Assessing Data Quality in Digital Research Dataset Metadata to improve Discoverability and Interdisciplinary Reuse
Nowadays, scientists are encouraged to publish their research artifacts in established research data repositories so that others can find and reuse it. In this publishing process, researchers typically provide additional information as metadata to describe characteristics of such as dataset. This metadata is then exposed in different typical formats by a data repository together with the research artifact and used for for indexing and crawling activities. Nevertheless, the discoverability of such a research dataset is often still limited and mainly focusing on administrative metadata and less on structured descriptive metadata on the content of such a dataset.

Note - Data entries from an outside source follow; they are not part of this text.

lemma type_i_adjG_type_i:
  assumes "type_i A W X" "type_i A W Y" "X \<noteq> Y"
  shows "adjG A X Y"
proof -
  have "vec.span {X, Y} \<subseteq> U"
    using assms span_W vec.span_mono[of "{X, Y}" W] unfolding type_i_def by auto
  then have "proj_span {X, Y} \<subseteq> quadric A"
    using W_quadric W_eq unfolding proj_span_def by auto
  then show ?thesis
    using assms unfolding adjG_def type_i_def by auto
qed

lemma type_iii_obtains_polar_one:
  assumes "type_iii A W R"
  obtains u where "u \<in> U" "polar A R u = 1"
proof -
  from assms obtain x where x: "x \<in> vec.span (insert R W)" "x \<noteq> 0" "x \<notin> quadric A"
    unfolding type_iii_def proj_span_def by auto
  then have "x \<notin> U"
    using W_eq W_quadric by auto
  then have u: "x + R \<in> U"
    using x(1) span_insert_W_iff by auto
  have "qf A (R + (x + R)) = 1"
    using x(2,3) by (simp add: add.commute quadric_def)
  then have "polar A R (x + R) = 1"
    using qf_add[of A R "x + R"] qf_on_U[OF u] assms
    by (simp add: type_iii_def quadric_def del: add_bit_eq_xor)
  with u that show ?thesis by blast
qed

lemma type_ii_translate:
  assumes P: "type_ii A W P" and u: "u \<in> U"
  shows "type_ii A W (P + u)" "polar A P u = 0"
proof -
  have P_U: "P \<notin> U"
    using P W_eq unfolding type_ii_def quadric_def by auto
  have span: "P + u \<in> vec.span (insert P W)"
    using u span_insert_W_iff by (metis add.commute vec_bit_add_cancel_left)
  have "P + u \<noteq> 0"
    using P_U u by (auto simp: vec_bit_add_eq_0_iff)
  with P span have q: "P + u \<in> quadric A"
    unfolding type_ii_def proj_span_def by auto
  have "P + u \<notin> U"
  proof
    assume "P + u \<in> U"
    then have "P + u + u \<in> U"
      using u subspace vec.subspace_add by blast
    with P_U show False by simp
  qed
  then have "P + u \<notin> W"
    using W_eq by auto
  moreover have "vec.span (insert (P + u) W) \<subseteq> vec.span (insert P W)"
    using span by (intro vec.span_minimal) (auto intro: vec.span_base simp: vec.subspace_span)
  then have "proj_span (insert (P + u) W) \<subseteq> quadric A"
    using P unfolding type_ii_def proj_span_def by blast
  ultimately show "type_ii A W (P + u)"
    using q unfolding type_ii_def by blast
  have "qf A P = 0" "qf A (P + u) = 0"
    using P q unfolding type_ii_def quadric_def by auto
  then show "polar A P u = 0"
    using qf_add[of A P u] qf_on_U[OF u] by (simp del: add_bit_eq_xor)
qed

In this project, we focus on data quality metrics that particularly address the discoverability of published research datasets and their assessment on existing metadata descriptions. In a first step, a typical research dataset discovery process and its shortcomings have to be described and which typical metadata description formats and schemas are commonly used for that. After a requirement and state-of-the-art analysis, relevant data quality critera have to be identified that can be measured on research dataset meta descriptions to assess the fitness to find, access and interdisciplinary reuse the dataset by other researchers for a particular use case. In a second step, it has to be checked which of these criteria can be assessed in an automated process on an existing meta description and it has to be conceptionally shown, how these measurements can be run for a given research dataset. Existing approaches such as FAIRmetrics or the OpenAIRE guidelines for Data archives can be taken into consideration for that. An implementation and evaluation has to show the feasibility and correctness of the approach based on a representative corpus of research datasets from different repositories or application domains.